Articles

Steely Dan: przewodnik po ich najlepszych albumach

Posted on

Wśród wszystkich cwaniaków, którzy kiedykolwiek zrobili karierę w rock’n’rollu, takich jak Frank Zappa, Todd Rundgren czy 10cc, żaden nie grał tego mądrzej niż Donald Fagen i Walter Becker, współliderzy Steely Dan. Sprzedać 40 milionów płyt, jak to zrobili Dan, to nie lada wyczyn. Ale oni zrobili to z najbardziej wyrafinowaną i wyrafinowaną muzyką, jaką kiedykolwiek nagrała duża grupa rockowa.

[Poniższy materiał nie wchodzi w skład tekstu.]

lemma Lam2_apply_diff_left:
  assumes "F \<in> Lam2 sc X" "lin_form \<phi>1" "lin_form \<phi>2"
  shows "F (\<lambda>v. \<phi>1 v - \<phi>2 v, \<psi>) = F (\<phi>1, \<psi>) - F (\<phi>2, \<psi>)"
  using assms(1)
proof (induction rule: Lam2_induct)
  case subspace
  show ?case by (rule subspace_CollectI) (auto simp: esc_apply right_diff_distrib)
next
  case (wedge x y)
  show ?case using assms(2,3) vf.linear_compose_sub[OF assms(2,3)]
    by (auto simp: wedge_apply algebra_simps)
qed

lemma Lam2_apply_cong:
  assumes "F \<in> Lam2 sc X" "lin_form \<phi>1" "lin_form \<phi>2" "lin_form \<psi>1" "lin_form \<psi>2"
    "\<forall>x\<in>X. \<phi>1 x = \<phi>2 x" "\<forall>x\<in>X. \<psi>1 x = \<psi>2 x"
  shows "F (\<phi>1, \<psi>1) = F (\<phi>2, \<psi>2)"
  using assms
  by (induction rule: Lam2_induct) (auto intro!: subspace_CollectI simp: esc_apply wedge_apply)

lemma Lam2_apply_vanishing:
  assumes F: "F \<in> Lam2 sc X" and \<phi>: "lin_form \<phi>" "\<forall>x\<in>X. \<phi> x = 0"
  shows "F (\<phi>, \<psi>) = 0"
proof (cases "lin_form \<psi>")
  case True
  have "F (\<phi>, \<psi>) = F (\<lambda>v. 0, \<psi>)"
    using Lam2_apply_cong[OF F \<phi>(1) vf.linear_zero True True] \<phi>(2) by auto
  also have "\<dots> = 0"
    using F by (induction rule: Lam2_induct) (auto intro!: subspace_CollectI simp: esc_apply wedge_apply)
  finally show ?thesis .
qed (use F Lam2_apply_nonlinear in blast)

text \<open>On the model, \<open>\<Lambda>\<^sup>2 p\<close> and the derivation \<open>g\<^sup>~\<close> act by precomposing the forms with \<open>p\<close>, resp. by
  precomposing one form at a time with \<open>g\<close>.\<close>

definition push :: "('v \<Rightarrow> 'v) \<Rightarrow> ('a, 'v) ext2 \<Rightarrow> ('a, 'v) ext2" where
  "push p F = (\<lambda>(\<phi>, \<psi>). if lin_form \<phi> \<and> lin_form \<psi> then F (\<phi> \<circ> p, \<psi> \<circ> p) else 0)"

definition der :: "('v \<Rightarrow> 'v) \<Rightarrow> ('a, 'v) ext2 \<Rightarrow> ('a, 'v) ext2" where
  "der g F = (\<lambda>(\<phi>, \<psi>). if lin_form \<phi> \<and> lin_form \<psi> then F (\<phi> \<circ> g, \<psi>) + F (\<phi>, \<psi> \<circ> g) else 0)"

lemma linear_push: "Vector_Spaces.linear esc esc (push p)"
  unfolding Vector_Spaces.linear_iff
  by (auto simp: e.vector_space_axioms push_def fun_eq_iff esc_apply)

lemma linear_der: "Vector_Spaces.linear esc esc (der g)"
  unfolding Vector_Spaces.linear_iff
  by (auto simp: e.vector_space_axioms der_def fun_eq_iff esc_apply algebra_simps)

lemma push_wedge:
  "Vector_Spaces.linear sc sc p \<Longrightarrow> push p (wedge sc x y) = wedge sc (p x) (p y)"
  by (auto simp: fun_eq_iff push_def wedge_apply Vector_Spaces.linear_compose)

lemma der_wedge:
  "Vector_Spaces.linear sc sc g \<Longrightarrow> der g (wedge sc x y) = wedge sc (g x) y + wedge sc x (g y)"
  by (auto simp: fun_eq_iff der_def wedge_apply Vector_Spaces.linear_compose algebra_simps)

lemma linear_retraction_exists:
  assumes X: "vs.subspace X"
  obtains p where "Vector_Spaces.linear sc sc p" "\<And>v. p v \<in> X" "\<And>x. x \<in> X \<Longrightarrow> p x = x"
proof -
  obtain bX where b: "bX \<subseteq> X" "vs.independent bX" "X \<subseteq> vs.span bX"
    using vs.maximal_independent_subset by blast
  have sp: "vs.span bX = X" using b X by (simp add: vs.span_subspace)
  let ?p = "vv.construct bX id"
  have l: "Vector_Spaces.linear sc sc ?p" by (rule vv.linear_construct[OF b(2)])
  have "?p v \<in> X" for v using vv.construct_in_span[OF b(2), of id v] sp by simp
  moreover have "?p x = x" if "x \<in> X" for x
    using vv.linear_eq_on[OF l vs.linear_ident, of x bX] that sp vv.construct_basis[OF b(2)] by auto
  ultimately show ?thesis using l that by blast
qed

lemma push_in_Lam2:
  assumes "Vector_Spaces.linear sc sc p" "\<And>v. p v \<in> X" and "F \<in> Lam2 sc Y"
  shows "push p F \<in> Lam2 sc X"
  by (rule Lam2_image_subset[OF linear_push assms(3) subspace_Lam2])
    (simp add: push_wedge assms wedge_in_Lam2)

lemma push_fixes_Lam2:
  assumes "Vector_Spaces.linear sc sc p" "\<And>x. x \<in> X \<Longrightarrow> p x = x" and "F \<in> Lam2 sc X"
  shows "push p F = F"
  using assms(3)
  by (induction rule: Lam2_induct)
    (simp_all add: subspace_eq_linear[OF linear_push e.linear_id[unfolded id_def]] push_wedge assms)

text \<open>For a retraction \<open>p\<close> onto \<open>X\<close>, the forms \<open>\<phi>\<close> and \<open>\<phi> \<circ> p\<close> differ by a form vanishing on \<open>X\<close>,
  so \<open>F = push p F \<in> Lam2 sc X\<close>.\<close>

lemma Lam2_if_annihilated:
  assumes F: "F \<in> Lam2 sc Y" and X: "vs.subspace X"
    and ann: "\<And>\<phi> \<psi>. lin_form \<phi> \<Longrightarrow> lin_form \<psi> \<Longrightarrow> \<forall>x\<in>X. \<phi> x = 0 \<Longrightarrow> F (\<phi>, \<psi>) = 0"
  shows "F \<in> Lam2 sc X"
proof -
  obtain p where p: "Vector_Spaces.linear sc sc p" "\<And>v. p v \<in> X" "\<And>x. x \<in> X \<Longrightarrow> p x = x"
    using linear_retraction_exists[OF X] by blast
  have "F (\<phi>, \<psi>) = F (\<phi> \<circ> p, \<psi> \<circ> p)" if l: "lin_form \<phi>" "lin_form \<psi>" for \<phi> \<psi>
  proof -
    have lp: "lin_form (\<phi> \<circ> p)" "lin_form (\<psi> \<circ> p)"
      using l p(1) Vector_Spaces.linear_compose by blast+
    have "F (\<lambda>v. \<phi> v - (\<phi> \<circ> p) v, \<psi>) = 0" "F (\<lambda>v. \<psi> v - (\<psi> \<circ> p) v, \<phi> \<circ> p) = 0"
      using l lp p vf.linear_compose_sub[of \<phi> "\<phi> \<circ> p"] vf.linear_compose_sub[of \<psi> "\<psi> \<circ> p"]
      by (auto intro!: ann)
    then have "F (\<phi>, \<psi>) = F (\<phi> \<circ> p, \<psi>)" "F (\<psi>, \<phi> \<circ> p) = F (\<psi> \<circ> p, \<phi> \<circ> p)"
      using Lam2_apply_diff_left[OF F l(1) lp(1), of \<psi>]
        Lam2_apply_diff_left[OF F l(2) lp(2), of "\<phi> \<circ> p"] by simp_all
    then show ?thesis using Lam2_apply_swap[OF F, of "\<phi> \<circ> p"] by metis
  qed
  then have "F = push p F"
    by (auto simp: fun_eq_iff push_def Lam2_apply_nonlinear[OF F])
  then show ?thesis using push_in_Lam2[OF p(1,2) F] by simp
qed

lemma tilde_eq_der:
  assumes g: "Vector_Spaces.linear sc sc g" and eq: "\<forall>x\<in>X. f x = g x" and F: "F \<in> Lam2 sc X"
  shows "tilde sc f X F = der g F"
proof -
  let ?P = "\<lambda>L. Vector_Spaces.linear esc esc L \<and>
     (\<forall>x\<in>X. \<forall>y\<in>X. L (wedge sc x y) = wedge sc (f x) y + wedge sc x (f y))"
  have "?P (der g)" using linear_der der_wedge[OF g] eq by auto
  then have P: "?P (tilde sc f X)" unfolding tilde_def by (rule someI[of ?P])
  from F show ?thesis
    by (induction rule: Lam2_induct)
      (use P der_wedge[OF g] eq subspace_eq_linear[OF _ linear_der] in auto)
qed

lemma Lam2_retraction_exists:
  assumes X: "vs.subspace X"
  obtains r :: "('a, 'v) ext2 \<Rightarrow> ('a, 'v) ext2" where "Vector_Spaces.linear esc esc r"
    "\<And>F Y. F \<in> Lam2 sc Y \<Longrightarrow> r F = 0 \<longleftrightarrow> F \<in> Lam2 sc X"
proof -
  obtain p where p: "Vector_Spaces.linear sc sc p" "\<And>v. p v \<in> X" "\<And>x. x \<in> X \<Longrightarrow> p x = x"
    using linear_retraction_exists[OF X] by blast
  define r where "r F = F - push p F" for F
  show ?thesis
  proof (rule that[of r])
    show "Vector_Spaces.linear esc esc r"
      unfolding r_def by (rule ee.linear_compose_sub[OF e.linear_ident linear_push])
    show "r F = 0 \<longleftrightarrow> F \<in> Lam2 sc X" if "F \<in> Lam2 sc Y" for F Y
      using push_in_Lam2[OF p(1,2) that] push_fixes_Lam2[OF p(1,3)] unfolding r_def
      by (metis eq_iff_diff_eq_0)
  qed
qed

Fakt, że ich grupa została nazwana po dildo – jak to zostało przedstawione w powieści Williama S. Burroughsa Nagi lunch z 1959 roku – jest typowy dla wywrotowej krawędzi i chytrego humoru, który zawsze był cechą sztuki Fagena i Beckera. Wszystko to uczyniło z nich, według słów magazynu Rolling Stone, „idealnych muzycznych antybohaterów lat 70-tych”.

Fagen, z New Jersey, i Becker, z Nowego Jorku, poznali się w college’u na Wschodnim Wybrzeżu i pracowali, bez powodzenia, jako muzycy i autorzy tekstów do wynajęcia, zanim przenieśli się do Los Angeles i założyli Steely Dan w 1971 roku. W oryginalnym składzie znaleźli się Fagen (główny wokal i klawisze) i Becker (bas) oraz gitarzyści Denny Dias i Jeff 'Skunk' Baxter, perkusista Jim Hodder i drugi główny wokalista, David Palmer, ponieważ Fagen miał skłonności do tremy, a wytwórnia uważała, że jego głos nie spełniał oczekiwań.

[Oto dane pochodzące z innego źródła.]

(* Assume the well-posedness and controllability assumptions below. For $\theta\in\mathcal{N}$ define $\ell_N(\theta):=\mathbb{E}\big[\ell(x_s^{\mathrm{bet}(\theta_{N-1})},\bar u_s^{\mathrm{bet}(\theta_{N-1}),\theta_N},\theta_N)\mid\theta_0=\theta\big]$, and for the closed-loop system $x_{k+1}=f(x_k,\kappa_N(x_k,\theta_k),\theta_k)$ define $\mathcal{L}V_N^\star(x_k,\theta_k):=\mathbb{E}[V_N^\star(x_{k+1},\theta_{k+1})-V_N^\star(x_k,\theta_k)\mid\mathfrak{F}_k]$. Then for all $(x_k,\theta_k)\in X_N$, $$\mathcal{L}V_N^\star(x_k,\theta_k)\le \ell_N(\theta_k)-\ell(x_k,\kappa_N(x_k,\theta_k),\theta_k).$$
   Context: Let $\mathcal{N}=\{1,\dots,\nu\}$ and let $\{\theta_k\}_{k\ge 0}$ be a time-homogeneous Markov chain on $\mathcal{N}$ with transition matrix $P=(p_{ij})$ and initial distribution $v$, defined on a filtered probability space $(\Omega,\mathfrak{F},\{\mathfrak{F}_k\}_k,\mathbb{P})$, where $\mathfrak{F}_k$ is the $\sigma$-algebra generated by the history of states, inputs and modes up to time $k$. The system is $x_{k+1}=f(x_k,u_k,\theta_k)$ with $x_k\in\mathbb{R}^n$, $u_k\in\mathbb{R}^m$; at time $k$ both $x_k$ and $\theta_k$ are measured. Constraints: $(x_k,u_k)\in Y_{\theta_k}$. Stage cost $\ell:\mathbb{R}^n\times\mathbb{R}^m\times\mathcal{N}\to\mathbb{R}$. $u\lhd\mathfrak{F}_k$ means $u$ is $\mathfrak{F}_k$-measurable. Cover: $\mathcal{C}(i)=\{j: p_{ij}>0\}$; bet node: some $\mathrm{bet}(i)\in\mathcal{C}(i)$ with $p_{i\,\mathrm{bet}(i)}\ge p_{ij}$ for all $j\in\mathcal{C}(i)$. Well-posedness assumption: for each $\theta$, $\ell(\cdot,\cdot,\theta)$ is nonnegative, lower semicontinuous and level-bounded in $u$ locally uniformly in $x$; $f(\cdot,\cdot,\theta)$ is continuous; $Y_\theta$ is nonempty and compact; $\{\theta_k\}$ is irreducible and aperiodic. Optimal steady states: $(x_s^\theta,u_s^\theta)$ minimizes $\ell(x,u,\theta)$ subject to $f(x,u,\theta)=x$, $(x,u)\in Y_\theta$. Controllability assumption: for all $i,j\in\mathcal{N}$ there is $\bar u_s^{i,j}$ with $(x_s^i,\bar u_s^{i,j})\in Y_j$ and $f(x_s^i,\bar u_s^{i,j},j)=x_s^{\mathrm{bet}(j)}$. EMPC problem $\mathbb{P}(x,\theta)$: $V_N^\star(x,\theta)=\inf_{\mathbf{u}_N}\mathbb{E}[\sum_{j=0}^{N-1}\ell(x_j,u_j,\theta_j)\mid\mathfrak{F}_0]$ subject to, for $k=0,\dots,N-1$: $x_{k+1}=f(x_k,u_k,\theta_k)$, $(x_k,u_k)\in Y_{\theta_k}$, $(x_0,\theta_0)=(x,\theta)$, $x_N=x_s^{\mathrm{bet}(\theta_{N-1})}$, $u_k\lhd\mathfrak{F}_k$. $X_N$ is the set of $(x,\theta)$ for which it is feasible; $\kappa_N(x,\theta)=u_0^\star(x,\theta)$ is the first element of an optimal policy. *)

theory Defs
  imports "HOL-Analysis.Analysis"
begin

(* Modes: a finite type 'q (playing the role of N = {1..nu}).
   Transition matrix P :: 'q => 'q => real, P i j = p_ij. *)

definition stochastic_matrix :: "('q::finite \<Rightarrow> 'q \<Rightarrow> real) \<Rightarrow> bool" where
  "stochastic_matrix P \<longleftrightarrow> (\<forall>i j. 0 \<le> P i j) \<and> (\<forall>i. (\<Sum>j\<in>UNIV. P i j) = 1)"

fun mpow :: "('q::finite \<Rightarrow> 'q \<Rightarrow> real) \<Rightarrow> nat \<Rightarrow> 'q \<Rightarrow> 'q \<Rightarrow> real" where
  "mpow P 0 i j = (if i = j then 1 else 0)"
| "mpow P (Suc n) i j = (\<Sum>k\<in>UNIV. mpow P n i k * P k j)"

definition irreducible_chain :: "('q::finite \<Rightarrow> 'q \<Rightarrow> real) \<Rightarrow> bool" where
  "irreducible_chain P \<longleftrightarrow> (\<forall>i j. \<exists>n. mpow P n i j > 0)"

definition aperiodic_chain :: "('q::finite \<Rightarrow> 'q \<Rightarrow> real) \<Rightarrow> bool" where
  "aperiodic_chain P \<longleftrightarrow> (\<forall>i. Gcd {n. n \<ge> 1 \<and> mpow P n i i > 0} = 1)"
(* Let $G=(V,E,\omega)\in\mathcal G$, $\gamma\geq0$, $\tau>0$, and $M\geq0$. Let $J_\tau(u):=\langle\chi_V-u,e^{-\tau L}u\rangle_{\mathcal V}$, $v^0\in\mathcal V^{ab}_M$, and let $\{v^k\}_{k=1}^N\subset\mathcal V^{ab}_M$ ($N\in\mathbb N\cup\{\infty\}$) be a sequence generated by the mcOKMBO scheme. Then for all $k\in\{1,\dots,N\}$, $v^k\in\operatorname{argmin}_{v\in\mathcal K_M}dJ^{v^{k-1}}_\tau(v)$, where $dJ^u_\tau(v):=\langle\chi_V-2e^{-\tau L}u,v\rangle_{\mathcal V}$. Moreover, for all $k\in\{1,\dots,N\}$, $J_\tau(v^k)\leq J_\tau(v^{k-1})$ with equality if and only if $v^k=v^{k-1}$. Finally, there is $K\geq0$ such that $v^k=v^K$ for all $k\geq K$.
   Context: $\mathcal{G}$ is the set of finite, simple, connected, undirected, edge-weighted graphs $G=(V,E,\omega)$ with $V=\{1,\dots,n\}$, $n\geq2$, weights $\omega_{ij}=\omega_{ji}>0$ on edges, $0$ otherwise. $d_i=\sum_j\omega_{ij}$. $\mathcal V$: functions $V\to\mathbb R$. Fixed $r\in[0,1]$: $\langle u,v\rangle_{\mathcal V}=\sum_id_i^ru_iv_i$, $(\Delta u)_i=d_i^{-r}\sum_j\omega_{ij}(u_i-u_j)$, $\mathcal M(u)=\sum_id_i^ru_i$, $\mathcal A(u)=\frac{\mathcal M(u)}{\sum_id_i^r}\chi_V$ ($\chi_S$ indicator of $S$). For $u\in\mathcal V$ let $\varphi$ be the unique solution of $\Delta\varphi=u-\mathcal A(u)$, $\mathcal M(\varphi)=0$, and $Lu:=\Delta u+\gamma\varphi$; $e^{-\tau L}$ its exponential. $\mathcal K_M$: $[0,1]$-valued $u\in\mathcal V$ with $\mathcal M(u)=M$. $\mathcal V^{ab}_M$: the set of $u\in\mathcal K_M$ for which there is $i\in V$ with $u_j\in\{0,1\}$ for all $j\neq i$. mcOKMBO scheme: for $k=1,\dots,N$, let $u=e^{-\tau L}v^{k-1}$ (the time-$\tau$ solution of $du/dt=-Lu$, $u(0)=v^{k-1}$); choose a bijection $R:V\to\{1,\dots,n\}$ such that $R(i)<R(j)$ implies $u_i\geq u_j$ (ties broken arbitrarily), and write $\ell_p:=R^{-1}(p)$; let $i^*$ be the largest index with $\sum_{p=1}^{i^*}d_{\ell_p}^r\leq M$; define $v^k_{\ell_p}=1$ for $p\leq i^*$, $v^k_{\ell_{i^*+1}}=d_{\ell_{i^*+1}}^{-r}\big(M-\sum_{p=1}^{i^*}d_{\ell_p}^r\big)$, and $v^k_{\ell_p}=0$ for $p\geq i^*+2$. *)

theory Defs
  imports "HOL-Analysis.Analysis" "HOL-Library.Extended_Nat"
begin

text \<open>Vertex set V is a finite type 'v (playing the role of {1..n}); functions on V are real^'v.
  Weights w :: 'v => 'v => real.\<close>

definition wgraph :: "('v::finite \<Rightarrow> 'v \<Rightarrow> real) \<Rightarrow> bool" where
  "wgraph w \<longleftrightarrow> CARD('v) \<ge> 2 \<and> (\<forall>i j. w i j = w j i) \<and> (\<forall>i j. 0 \<le> w i j)
     \<and> (\<forall>i. w i i = 0) \<and> (\<forall>i j. (i, j) \<in> {(a, b). 0 < w a b}\<^sup>*)"

definition deg :: "('v::finite \<Rightarrow> 'v \<Rightarrow> real) \<Rightarrow> 'v \<Rightarrow> real" where
  "deg w i = (\<Sum>j\<in>UNIV. w i j)"

definition innerV :: "('v::finite \<Rightarrow> 'v \<Rightarrow> real) \<Rightarrow> real \<Rightarrow> real^'v \<Rightarrow> real^'v \<Rightarrow> real" where
  "innerV w r u v = (\<Sum>i\<in>UNIV. deg w i powr r * u$i * v$i)"

definition lap :: "('v::finite \<Rightarrow> 'v \<Rightarrow> real) \<Rightarrow> real \<Rightarrow> real^'v \<Rightarrow> real^'v" where
  "lap w r u = (\<chi> i. deg w i powr (-r) * (\<Sum>j\<in>UNIV. w i j * (u$i - u$j)))"

definition mass :: "('v::finite \<Rightarrow> 'v \<Rightarrow> real) \<Rightarrow> real \<Rightarrow> real^'v \<Rightarrow> real" where
  "mass w r u = (\<Sum>i\<in>UNIV. deg w i powr r * u$i)"

definition avg :: "('v::finite \<Rightarrow> 'v \<Rightarrow> real) \<Rightarrow> real \<Rightarrow> real^'v \<Rightarrow> real^'v" where
  "avg w r u = (\<chi> i. mass w r u / (\<Sum>j\<in>UNIV. deg w j powr r))"

definition phi :: "('v::finite \<Rightarrow> 'v \<Rightarrow> real) \<Rightarrow> real \<Rightarrow> real^'v \<Rightarrow> real^'v" where
  "phi w r u = (THE \<phi>. lap w r \<phi> = u - avg w r u \<and> mass w r \<phi> = 0)"

definition Lop :: "('v::finite \<Rightarrow> 'v \<Rightarrow> real) \<Rightarrow> real \<Rightarrow> real \<Rightarrow> real^'v \<Rightarrow> real^'v" where
  "Lop w r \<gamma> u = lap w r u + \<gamma> *\<^sub>R phi w r u"

definition expL :: "('v::finite \<Rightarrow> 'v \<Rightarrow> real) \<Rightarrow> real \<Rightarrow> real \<Rightarrow> real \<Rightarrow> real^'v \<Rightarrow> real^'v" where
  "expL w r \<gamma> \<tau> u = (\<Sum>k. ((- \<tau>) ^ k / fact k) *\<^sub>R ((Lop w r \<gamma> ^^ k) u))"

definition KM :: "('v::finite \<Rightarrow> 'v \<Rightarrow> real) \<Rightarrow> real \<Rightarrow> real \<Rightarrow> (real^'v) set" where
  "KM w r M = {u. (\<forall>i. 0 \<le> u$i \<and> u$i \<le> 1) \<and> mass w r u = M}"

definition VabM :: "('v::finite \<Rightarrow> 'v \<Rightarrow> real) \<Rightarrow> real \<Rightarrow> real \<Rightarrow> (real^'v) set" where
  "VabM w r M = {u \<in> KM w r M. \<exists>i. \<forall>j. j \<noteq> i \<longrightarrow> u$j = 0 \<or> u$j = 1}"

definition Jtau :: "('v::finite \<Rightarrow> 'v \<Rightarrow> real) \<Rightarrow> real \<Rightarrow> real \<Rightarrow> real \<Rightarrow> real^'v \<Rightarrow> real" where
  "Jtau w r \<gamma> \<tau> u = innerV w r (1 - u) (expL w r \<gamma> \<tau> u)"

definition dJ :: "('v::finite \<Rightarrow> 'v \<Rightarrow> real) \<Rightarrow> real \<Rightarrow> real \<Rightarrow> real \<Rightarrow> real^'v \<Rightarrow> real^'v \<Rightarrow> real" where
  "dJ w r \<gamma> \<tau> u v = innerV w r (1 - 2 *\<^sub>R expL w r \<gamma> \<tau> u) v"

text \<open>One mcOKMBO step from vold to vnew (ties broken arbitrarily: any admissible ranking R).\<close>
definition mcstep :: "('v::finite \<Rightarrow> 'v \<Rightarrow> real) \<Rightarrow> real \<Rightarrow> real \<Rightarrow> real \<Rightarrow> real
     \<Rightarrow> real^'v \<Rightarrow> real^'v \<Rightarrow> bool" where
  "mcstep w r \<gamma> \<tau> M vold vnew \<longleftrightarrow>
    (let u = expL w r \<gamma> \<tau> vold; n = CARD('v) in
     \<exists>R :: 'v \<Rightarrow> nat. bij_betw R UNIV {1..n} \<and> (\<forall>i j. R i < R j \<longrightarrow> u$i \<ge> u$j) \<and>
       (let l = inv_into UNIV R;
            istar = (GREATEST i. i \<le> n \<and> (\<Sum>p=1..i. deg w (l p) powr r) \<le> M) in
        \<forall>p\<in>{1..n}. vnew $ (l p) =
           (if p \<le> istar then 1
            else if p = istar + 1 then deg w (l p) powr (-r) * (M - (\<Sum>q=1..istar. deg w (l q) powr r))
            else 0)))"

end

theory Submission
  imports Defs
begin

text \<open>The operator L is self-adjoint for the weighted inner product, because both the graph
  Laplacian and the solution operator of the mass-constrained Poisson problem are, and it
  annihilates constants. Hence e^{-\<tau>L} is self-adjoint, fixes constants, and is positive definite,
  being the square of the invertible operator e^{-\<tau>L/2}. This makes J concave:
  J(v) - J(u) = dJ^u(v) - dJ^u(u) - <v - u, e^{-\<tau>L}(v - u)>. An mcOKMBO step puts the mass
  where e^{-\<tau>L}v^{k-1} is largest, i.e. it is a threshold rule, which minimises the linear
  functional dJ over K_M (bathtub principle). So J strictly decreases unless the iterate is
  stationary, and since V^ab_M is finite, the scheme stalls after finitely many steps.\<close>

subsection \<open>The weighted inner product and the graph operators\<close>

lemma innerV_comm: "innerV w r x y = innerV w r y x"
  unfolding innerV_def by (simp add: ac_simps)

Jednakże po jednym albumie, „Can’t Buy A Thrill” z 1972 roku, Palmer odszedł. Przez następne osiem lat skład zespołu zmieniał się, ponieważ Fagen i Becker wykorzystywali największe dostępne talenty, w tym perkusistę Toto Jeffa Porcaro, wokalistę Doobie Brothers Michaela McDonalda oraz jazzmanów, gitarzystę Larry’ego Carltona i pianistę Joe Sample’a.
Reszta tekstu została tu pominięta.